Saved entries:
======

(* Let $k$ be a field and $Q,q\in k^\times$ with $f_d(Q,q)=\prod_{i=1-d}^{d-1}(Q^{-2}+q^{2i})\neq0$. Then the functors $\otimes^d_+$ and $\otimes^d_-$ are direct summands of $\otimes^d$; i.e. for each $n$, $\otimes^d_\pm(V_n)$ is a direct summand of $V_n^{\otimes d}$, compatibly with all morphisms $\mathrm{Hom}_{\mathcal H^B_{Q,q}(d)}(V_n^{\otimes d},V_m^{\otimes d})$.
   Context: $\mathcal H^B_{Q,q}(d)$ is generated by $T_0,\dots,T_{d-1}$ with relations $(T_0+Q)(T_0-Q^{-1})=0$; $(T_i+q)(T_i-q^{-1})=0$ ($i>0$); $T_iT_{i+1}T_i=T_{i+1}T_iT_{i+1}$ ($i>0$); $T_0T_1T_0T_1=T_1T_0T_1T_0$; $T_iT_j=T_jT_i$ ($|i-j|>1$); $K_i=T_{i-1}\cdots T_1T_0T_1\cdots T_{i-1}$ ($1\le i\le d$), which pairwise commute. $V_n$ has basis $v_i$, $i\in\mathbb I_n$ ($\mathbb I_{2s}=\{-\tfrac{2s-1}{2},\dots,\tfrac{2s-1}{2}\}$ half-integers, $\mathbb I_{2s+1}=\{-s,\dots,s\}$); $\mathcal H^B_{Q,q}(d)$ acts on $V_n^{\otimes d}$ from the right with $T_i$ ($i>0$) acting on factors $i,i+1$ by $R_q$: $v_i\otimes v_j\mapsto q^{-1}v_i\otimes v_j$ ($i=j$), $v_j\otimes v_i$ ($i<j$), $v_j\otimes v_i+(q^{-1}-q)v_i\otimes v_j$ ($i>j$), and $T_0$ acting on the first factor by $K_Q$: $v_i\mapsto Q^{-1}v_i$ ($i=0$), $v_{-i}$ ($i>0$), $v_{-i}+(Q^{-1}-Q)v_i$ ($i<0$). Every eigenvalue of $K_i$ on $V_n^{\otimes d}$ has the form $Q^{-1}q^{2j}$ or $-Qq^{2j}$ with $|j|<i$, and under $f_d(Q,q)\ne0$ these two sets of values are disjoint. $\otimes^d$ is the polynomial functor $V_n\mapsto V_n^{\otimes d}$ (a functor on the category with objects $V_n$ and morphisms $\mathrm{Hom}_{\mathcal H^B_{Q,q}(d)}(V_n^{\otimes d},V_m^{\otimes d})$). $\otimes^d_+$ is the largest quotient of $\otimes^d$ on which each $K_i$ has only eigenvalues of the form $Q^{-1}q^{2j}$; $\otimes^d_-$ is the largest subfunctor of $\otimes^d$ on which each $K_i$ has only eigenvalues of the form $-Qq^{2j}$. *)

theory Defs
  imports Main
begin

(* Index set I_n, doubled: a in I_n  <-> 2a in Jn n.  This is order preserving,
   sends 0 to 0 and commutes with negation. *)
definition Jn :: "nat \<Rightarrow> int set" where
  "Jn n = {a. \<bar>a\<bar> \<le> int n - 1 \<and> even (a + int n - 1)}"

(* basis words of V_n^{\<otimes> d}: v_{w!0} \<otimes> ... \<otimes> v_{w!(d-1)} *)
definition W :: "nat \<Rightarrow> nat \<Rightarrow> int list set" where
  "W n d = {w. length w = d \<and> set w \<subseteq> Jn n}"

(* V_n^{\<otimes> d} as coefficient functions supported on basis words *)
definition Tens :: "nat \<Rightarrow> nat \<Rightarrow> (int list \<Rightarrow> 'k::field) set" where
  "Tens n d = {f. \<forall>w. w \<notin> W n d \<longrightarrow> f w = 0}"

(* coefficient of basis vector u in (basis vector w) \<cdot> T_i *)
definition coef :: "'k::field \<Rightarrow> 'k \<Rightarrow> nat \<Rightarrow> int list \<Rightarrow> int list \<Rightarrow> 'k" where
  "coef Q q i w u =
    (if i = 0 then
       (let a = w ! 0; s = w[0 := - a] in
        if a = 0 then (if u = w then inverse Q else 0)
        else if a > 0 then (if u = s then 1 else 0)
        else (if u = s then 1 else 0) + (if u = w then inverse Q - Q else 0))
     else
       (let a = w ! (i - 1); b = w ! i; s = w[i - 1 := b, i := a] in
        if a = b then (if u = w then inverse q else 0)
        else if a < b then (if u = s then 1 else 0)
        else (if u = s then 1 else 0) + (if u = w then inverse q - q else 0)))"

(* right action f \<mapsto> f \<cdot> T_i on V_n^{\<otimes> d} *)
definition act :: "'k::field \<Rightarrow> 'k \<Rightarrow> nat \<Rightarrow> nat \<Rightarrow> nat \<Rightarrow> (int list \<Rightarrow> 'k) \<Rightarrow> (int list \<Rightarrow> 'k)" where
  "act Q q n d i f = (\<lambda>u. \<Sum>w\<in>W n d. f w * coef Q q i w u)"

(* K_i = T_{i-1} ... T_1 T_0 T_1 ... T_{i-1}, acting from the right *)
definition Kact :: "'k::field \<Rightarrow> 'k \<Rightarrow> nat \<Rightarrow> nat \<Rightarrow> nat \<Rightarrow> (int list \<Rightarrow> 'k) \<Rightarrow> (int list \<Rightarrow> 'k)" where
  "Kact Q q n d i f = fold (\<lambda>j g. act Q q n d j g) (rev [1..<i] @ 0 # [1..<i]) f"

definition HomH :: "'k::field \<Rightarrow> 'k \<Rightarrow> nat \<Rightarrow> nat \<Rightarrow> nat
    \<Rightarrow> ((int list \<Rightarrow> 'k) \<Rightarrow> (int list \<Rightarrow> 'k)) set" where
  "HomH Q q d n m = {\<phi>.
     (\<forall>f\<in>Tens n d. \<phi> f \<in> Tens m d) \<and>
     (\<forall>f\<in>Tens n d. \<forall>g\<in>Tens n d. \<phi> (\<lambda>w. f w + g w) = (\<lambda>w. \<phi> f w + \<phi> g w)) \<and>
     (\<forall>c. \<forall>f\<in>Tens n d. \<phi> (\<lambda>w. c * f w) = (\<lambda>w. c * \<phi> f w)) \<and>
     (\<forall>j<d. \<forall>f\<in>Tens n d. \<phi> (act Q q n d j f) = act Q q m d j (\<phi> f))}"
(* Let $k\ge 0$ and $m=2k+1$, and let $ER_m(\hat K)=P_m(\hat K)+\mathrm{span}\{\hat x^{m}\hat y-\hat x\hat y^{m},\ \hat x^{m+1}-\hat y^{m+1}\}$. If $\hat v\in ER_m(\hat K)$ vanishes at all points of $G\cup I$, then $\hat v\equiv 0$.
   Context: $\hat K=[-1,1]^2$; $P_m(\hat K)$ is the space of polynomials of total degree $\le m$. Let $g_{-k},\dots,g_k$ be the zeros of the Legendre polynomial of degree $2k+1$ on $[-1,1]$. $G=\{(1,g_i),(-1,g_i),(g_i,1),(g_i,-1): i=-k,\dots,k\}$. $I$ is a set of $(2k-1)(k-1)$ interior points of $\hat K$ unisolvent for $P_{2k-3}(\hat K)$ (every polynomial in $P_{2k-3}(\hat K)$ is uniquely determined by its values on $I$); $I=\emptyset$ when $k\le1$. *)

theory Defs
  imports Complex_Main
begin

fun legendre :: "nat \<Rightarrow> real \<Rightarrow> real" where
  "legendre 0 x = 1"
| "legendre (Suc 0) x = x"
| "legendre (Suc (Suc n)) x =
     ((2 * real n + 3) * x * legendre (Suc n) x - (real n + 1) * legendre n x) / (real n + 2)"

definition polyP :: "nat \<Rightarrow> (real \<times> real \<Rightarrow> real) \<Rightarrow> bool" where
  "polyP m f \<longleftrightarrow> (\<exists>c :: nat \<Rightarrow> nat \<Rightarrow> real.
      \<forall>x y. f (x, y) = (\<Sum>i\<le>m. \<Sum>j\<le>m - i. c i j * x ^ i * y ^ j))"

======

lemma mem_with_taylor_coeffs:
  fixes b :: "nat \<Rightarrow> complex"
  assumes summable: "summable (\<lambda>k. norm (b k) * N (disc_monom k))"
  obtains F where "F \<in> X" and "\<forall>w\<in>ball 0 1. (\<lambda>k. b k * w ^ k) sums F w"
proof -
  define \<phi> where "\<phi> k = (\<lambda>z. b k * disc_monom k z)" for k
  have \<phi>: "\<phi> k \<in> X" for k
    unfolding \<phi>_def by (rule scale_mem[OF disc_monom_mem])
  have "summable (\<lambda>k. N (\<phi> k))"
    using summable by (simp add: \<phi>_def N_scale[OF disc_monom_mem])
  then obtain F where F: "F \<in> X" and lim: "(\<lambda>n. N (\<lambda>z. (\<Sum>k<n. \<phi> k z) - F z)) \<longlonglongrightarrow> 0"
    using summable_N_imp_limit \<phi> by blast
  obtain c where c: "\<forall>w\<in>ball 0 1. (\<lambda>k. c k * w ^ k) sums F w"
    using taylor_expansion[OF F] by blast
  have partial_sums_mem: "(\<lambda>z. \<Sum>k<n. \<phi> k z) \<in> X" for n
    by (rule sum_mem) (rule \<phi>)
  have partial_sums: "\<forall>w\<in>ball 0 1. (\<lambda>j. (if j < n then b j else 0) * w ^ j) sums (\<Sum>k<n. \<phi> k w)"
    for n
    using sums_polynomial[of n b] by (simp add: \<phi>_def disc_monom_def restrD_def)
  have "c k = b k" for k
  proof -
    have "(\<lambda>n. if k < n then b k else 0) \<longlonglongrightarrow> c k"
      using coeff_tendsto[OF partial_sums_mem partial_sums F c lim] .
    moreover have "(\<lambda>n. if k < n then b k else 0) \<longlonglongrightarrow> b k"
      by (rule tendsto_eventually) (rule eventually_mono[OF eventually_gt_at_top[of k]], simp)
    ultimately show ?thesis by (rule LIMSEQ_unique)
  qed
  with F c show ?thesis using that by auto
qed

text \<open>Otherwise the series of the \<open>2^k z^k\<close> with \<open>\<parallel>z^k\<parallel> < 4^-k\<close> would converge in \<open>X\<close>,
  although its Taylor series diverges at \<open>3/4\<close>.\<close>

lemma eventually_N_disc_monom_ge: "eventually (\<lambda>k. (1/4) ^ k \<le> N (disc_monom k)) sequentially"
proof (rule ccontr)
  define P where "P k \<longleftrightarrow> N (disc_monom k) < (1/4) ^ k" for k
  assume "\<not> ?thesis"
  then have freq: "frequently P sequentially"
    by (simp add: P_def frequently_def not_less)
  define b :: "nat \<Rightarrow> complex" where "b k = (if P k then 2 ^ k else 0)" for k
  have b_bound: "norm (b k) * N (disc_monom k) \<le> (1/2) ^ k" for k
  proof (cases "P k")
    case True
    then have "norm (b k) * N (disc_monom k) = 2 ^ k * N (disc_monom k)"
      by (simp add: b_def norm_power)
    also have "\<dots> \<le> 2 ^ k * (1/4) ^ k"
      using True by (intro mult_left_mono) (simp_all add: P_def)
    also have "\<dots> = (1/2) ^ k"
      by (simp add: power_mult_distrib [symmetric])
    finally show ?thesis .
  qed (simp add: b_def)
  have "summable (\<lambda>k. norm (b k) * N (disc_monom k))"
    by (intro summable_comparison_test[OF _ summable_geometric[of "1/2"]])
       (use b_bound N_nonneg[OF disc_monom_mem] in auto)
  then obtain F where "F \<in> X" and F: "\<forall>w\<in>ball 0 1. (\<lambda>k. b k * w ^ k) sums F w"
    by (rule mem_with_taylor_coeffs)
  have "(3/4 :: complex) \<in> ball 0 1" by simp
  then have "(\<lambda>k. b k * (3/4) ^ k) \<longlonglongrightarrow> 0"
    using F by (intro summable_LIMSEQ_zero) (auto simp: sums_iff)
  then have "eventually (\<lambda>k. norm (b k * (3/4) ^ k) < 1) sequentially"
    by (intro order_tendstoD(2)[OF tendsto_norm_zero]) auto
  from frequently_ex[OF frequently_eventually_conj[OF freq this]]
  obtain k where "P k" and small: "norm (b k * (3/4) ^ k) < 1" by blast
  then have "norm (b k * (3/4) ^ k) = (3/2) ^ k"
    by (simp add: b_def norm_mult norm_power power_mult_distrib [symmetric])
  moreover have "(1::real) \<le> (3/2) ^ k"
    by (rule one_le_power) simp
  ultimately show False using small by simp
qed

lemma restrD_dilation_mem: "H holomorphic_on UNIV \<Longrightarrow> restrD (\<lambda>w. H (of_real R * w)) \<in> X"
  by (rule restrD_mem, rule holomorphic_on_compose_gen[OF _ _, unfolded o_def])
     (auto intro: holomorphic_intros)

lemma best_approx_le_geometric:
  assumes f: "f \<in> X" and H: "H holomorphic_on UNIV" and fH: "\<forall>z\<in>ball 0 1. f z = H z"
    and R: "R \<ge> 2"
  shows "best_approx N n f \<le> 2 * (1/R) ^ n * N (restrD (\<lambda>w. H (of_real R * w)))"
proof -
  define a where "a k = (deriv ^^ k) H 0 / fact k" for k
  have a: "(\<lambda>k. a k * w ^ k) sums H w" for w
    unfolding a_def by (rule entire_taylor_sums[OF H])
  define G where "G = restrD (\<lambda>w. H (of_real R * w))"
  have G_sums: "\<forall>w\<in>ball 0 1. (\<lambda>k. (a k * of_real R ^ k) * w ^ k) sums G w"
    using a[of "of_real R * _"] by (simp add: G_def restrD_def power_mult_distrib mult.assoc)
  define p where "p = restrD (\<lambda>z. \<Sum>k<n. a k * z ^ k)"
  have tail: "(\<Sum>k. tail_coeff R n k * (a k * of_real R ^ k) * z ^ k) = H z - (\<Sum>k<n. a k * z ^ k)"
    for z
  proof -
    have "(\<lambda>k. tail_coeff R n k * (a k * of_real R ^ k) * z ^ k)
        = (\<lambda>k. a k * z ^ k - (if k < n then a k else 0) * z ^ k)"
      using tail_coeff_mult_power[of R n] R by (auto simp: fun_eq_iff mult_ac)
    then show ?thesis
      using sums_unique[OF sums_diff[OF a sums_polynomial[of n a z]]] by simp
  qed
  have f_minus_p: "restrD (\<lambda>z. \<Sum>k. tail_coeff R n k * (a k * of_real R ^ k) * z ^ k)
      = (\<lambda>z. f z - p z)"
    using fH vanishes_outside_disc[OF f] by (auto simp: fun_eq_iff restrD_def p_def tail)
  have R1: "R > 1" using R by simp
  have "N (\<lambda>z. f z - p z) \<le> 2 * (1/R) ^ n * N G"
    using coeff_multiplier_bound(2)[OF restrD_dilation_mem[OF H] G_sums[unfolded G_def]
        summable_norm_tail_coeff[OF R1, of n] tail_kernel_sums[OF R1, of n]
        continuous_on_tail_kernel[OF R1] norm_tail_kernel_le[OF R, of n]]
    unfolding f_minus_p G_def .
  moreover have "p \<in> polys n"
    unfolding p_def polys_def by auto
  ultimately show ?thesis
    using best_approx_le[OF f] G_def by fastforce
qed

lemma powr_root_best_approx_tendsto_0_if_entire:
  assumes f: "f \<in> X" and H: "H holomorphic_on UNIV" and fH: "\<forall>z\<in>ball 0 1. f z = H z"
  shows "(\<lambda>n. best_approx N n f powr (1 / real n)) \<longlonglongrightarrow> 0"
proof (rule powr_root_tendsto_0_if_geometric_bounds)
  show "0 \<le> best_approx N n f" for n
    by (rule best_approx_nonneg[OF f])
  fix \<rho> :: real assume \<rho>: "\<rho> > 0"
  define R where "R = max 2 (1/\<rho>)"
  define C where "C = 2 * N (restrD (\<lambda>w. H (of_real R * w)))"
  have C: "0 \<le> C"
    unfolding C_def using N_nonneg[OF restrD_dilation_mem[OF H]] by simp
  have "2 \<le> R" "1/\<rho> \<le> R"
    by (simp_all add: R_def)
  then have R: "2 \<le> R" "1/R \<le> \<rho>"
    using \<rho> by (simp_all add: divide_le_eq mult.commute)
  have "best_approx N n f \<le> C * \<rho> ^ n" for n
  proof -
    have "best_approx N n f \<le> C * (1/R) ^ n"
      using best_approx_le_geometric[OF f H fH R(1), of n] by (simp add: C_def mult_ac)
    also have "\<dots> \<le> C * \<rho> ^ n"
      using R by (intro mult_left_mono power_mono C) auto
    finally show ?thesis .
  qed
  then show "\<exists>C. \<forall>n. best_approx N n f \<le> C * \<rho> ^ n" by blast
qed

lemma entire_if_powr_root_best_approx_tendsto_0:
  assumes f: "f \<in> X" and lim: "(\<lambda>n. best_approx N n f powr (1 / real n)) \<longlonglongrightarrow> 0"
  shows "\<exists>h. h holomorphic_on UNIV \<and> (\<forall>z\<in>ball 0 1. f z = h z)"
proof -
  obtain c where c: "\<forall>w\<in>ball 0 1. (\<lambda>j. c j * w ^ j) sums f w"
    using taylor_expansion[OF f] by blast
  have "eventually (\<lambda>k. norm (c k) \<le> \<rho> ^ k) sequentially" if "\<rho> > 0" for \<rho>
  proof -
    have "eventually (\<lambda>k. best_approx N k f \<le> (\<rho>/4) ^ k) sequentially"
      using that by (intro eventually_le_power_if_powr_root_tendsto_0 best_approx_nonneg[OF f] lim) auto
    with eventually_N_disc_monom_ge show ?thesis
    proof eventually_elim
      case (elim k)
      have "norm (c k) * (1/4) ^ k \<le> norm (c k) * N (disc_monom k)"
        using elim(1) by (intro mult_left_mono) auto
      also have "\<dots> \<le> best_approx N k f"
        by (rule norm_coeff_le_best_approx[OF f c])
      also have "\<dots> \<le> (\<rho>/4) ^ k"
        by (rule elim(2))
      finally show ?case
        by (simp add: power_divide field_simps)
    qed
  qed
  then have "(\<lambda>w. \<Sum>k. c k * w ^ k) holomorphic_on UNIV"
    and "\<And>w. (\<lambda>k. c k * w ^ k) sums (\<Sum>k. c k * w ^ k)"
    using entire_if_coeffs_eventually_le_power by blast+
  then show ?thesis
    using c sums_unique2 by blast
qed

======

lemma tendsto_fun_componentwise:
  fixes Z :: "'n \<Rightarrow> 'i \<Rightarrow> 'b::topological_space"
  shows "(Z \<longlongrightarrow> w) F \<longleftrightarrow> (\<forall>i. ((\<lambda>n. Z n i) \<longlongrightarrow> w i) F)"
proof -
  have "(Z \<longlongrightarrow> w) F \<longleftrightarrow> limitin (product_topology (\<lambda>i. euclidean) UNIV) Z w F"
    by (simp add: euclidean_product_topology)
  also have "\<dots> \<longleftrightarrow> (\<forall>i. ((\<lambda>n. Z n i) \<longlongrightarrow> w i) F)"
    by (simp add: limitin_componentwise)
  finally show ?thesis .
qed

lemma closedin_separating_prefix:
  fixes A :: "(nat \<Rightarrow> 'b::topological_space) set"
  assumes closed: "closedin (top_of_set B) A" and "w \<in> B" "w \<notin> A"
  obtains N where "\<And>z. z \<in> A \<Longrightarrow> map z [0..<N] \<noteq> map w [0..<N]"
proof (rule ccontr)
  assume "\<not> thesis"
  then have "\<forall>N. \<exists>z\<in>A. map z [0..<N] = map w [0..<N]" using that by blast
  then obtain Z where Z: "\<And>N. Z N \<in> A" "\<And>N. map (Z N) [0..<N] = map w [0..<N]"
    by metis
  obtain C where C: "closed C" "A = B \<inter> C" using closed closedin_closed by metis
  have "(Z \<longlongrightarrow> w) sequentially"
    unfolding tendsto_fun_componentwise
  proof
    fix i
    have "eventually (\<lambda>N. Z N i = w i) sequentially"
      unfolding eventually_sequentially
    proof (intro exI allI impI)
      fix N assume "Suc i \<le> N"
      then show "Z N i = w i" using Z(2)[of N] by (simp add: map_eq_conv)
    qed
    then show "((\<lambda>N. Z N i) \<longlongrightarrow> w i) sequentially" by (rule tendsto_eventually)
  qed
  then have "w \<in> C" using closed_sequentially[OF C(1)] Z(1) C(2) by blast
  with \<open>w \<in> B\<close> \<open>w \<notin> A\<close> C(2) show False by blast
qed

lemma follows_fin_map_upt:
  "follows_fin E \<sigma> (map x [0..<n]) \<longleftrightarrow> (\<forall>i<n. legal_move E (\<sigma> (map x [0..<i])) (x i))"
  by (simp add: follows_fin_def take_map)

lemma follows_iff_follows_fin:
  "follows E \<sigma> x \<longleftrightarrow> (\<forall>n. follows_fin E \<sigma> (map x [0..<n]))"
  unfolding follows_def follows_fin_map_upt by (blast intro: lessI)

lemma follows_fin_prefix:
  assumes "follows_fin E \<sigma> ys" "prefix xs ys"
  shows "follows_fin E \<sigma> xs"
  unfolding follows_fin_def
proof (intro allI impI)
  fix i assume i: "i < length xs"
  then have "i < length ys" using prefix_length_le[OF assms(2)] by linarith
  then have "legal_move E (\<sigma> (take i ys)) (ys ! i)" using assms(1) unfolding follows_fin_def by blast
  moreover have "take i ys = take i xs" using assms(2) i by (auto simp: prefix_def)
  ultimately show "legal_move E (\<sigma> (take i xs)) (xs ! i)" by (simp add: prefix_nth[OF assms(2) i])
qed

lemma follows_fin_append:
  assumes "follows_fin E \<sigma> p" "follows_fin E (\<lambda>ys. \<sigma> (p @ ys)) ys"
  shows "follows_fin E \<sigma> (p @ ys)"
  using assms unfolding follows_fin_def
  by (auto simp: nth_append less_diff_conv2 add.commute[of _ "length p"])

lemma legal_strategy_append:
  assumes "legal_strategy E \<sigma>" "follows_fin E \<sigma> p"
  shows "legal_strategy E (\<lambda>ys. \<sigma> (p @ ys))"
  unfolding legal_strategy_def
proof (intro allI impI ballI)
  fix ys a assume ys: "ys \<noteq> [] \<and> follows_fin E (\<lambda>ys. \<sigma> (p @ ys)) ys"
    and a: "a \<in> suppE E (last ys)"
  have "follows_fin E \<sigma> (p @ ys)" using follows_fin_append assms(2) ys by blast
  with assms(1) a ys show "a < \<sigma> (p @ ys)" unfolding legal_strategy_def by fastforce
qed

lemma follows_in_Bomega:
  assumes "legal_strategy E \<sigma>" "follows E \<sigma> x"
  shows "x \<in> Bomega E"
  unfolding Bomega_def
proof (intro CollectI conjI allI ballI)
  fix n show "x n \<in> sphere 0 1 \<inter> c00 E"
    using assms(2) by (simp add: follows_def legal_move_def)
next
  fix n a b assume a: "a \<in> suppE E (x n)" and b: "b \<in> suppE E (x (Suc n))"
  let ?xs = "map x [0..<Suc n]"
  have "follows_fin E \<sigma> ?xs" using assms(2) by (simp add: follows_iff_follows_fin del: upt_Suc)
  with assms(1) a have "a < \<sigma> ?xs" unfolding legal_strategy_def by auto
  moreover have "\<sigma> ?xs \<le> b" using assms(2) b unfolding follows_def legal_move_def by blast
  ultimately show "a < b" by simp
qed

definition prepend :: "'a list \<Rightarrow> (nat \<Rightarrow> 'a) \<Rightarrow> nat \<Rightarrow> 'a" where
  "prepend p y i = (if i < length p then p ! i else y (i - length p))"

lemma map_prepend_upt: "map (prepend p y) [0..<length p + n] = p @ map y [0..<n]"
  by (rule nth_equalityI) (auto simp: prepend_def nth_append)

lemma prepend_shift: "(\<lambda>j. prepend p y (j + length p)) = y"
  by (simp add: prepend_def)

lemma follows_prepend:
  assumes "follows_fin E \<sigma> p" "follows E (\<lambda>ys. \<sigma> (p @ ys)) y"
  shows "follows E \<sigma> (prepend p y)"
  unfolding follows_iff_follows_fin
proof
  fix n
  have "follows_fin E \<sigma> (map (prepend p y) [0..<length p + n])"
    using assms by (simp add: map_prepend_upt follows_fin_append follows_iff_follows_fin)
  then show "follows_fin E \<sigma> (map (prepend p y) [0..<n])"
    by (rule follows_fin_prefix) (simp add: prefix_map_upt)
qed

======

### WHAT TO PRODUCE:
Begin at the line that has "by (intro order_tendstoD(2)[OF" in the entries above; stop after the line that has "ultimately show False using small by simp". Transcribe exactly those lines and no others.

### ANSWER TO THIS EXERCISE:
    by (intro order_tendstoD(2)[OF tendsto_norm_zero]) auto
  from frequently_ex[OF frequently_eventually_conj[OF freq this]]
  obtain k where "P k" and small: "norm (b k * (3/4) ^ k) < 1" by blast
  then have "norm (b k * (3/4) ^ k) = (3/2) ^ k"
    by (simp add: b_def norm_mult norm_power power_mult_distrib [symmetric])
  moreover have "(1::real) \<le> (3/2) ^ k"
    by (rule one_le_power) simp
  ultimately show False using small by simp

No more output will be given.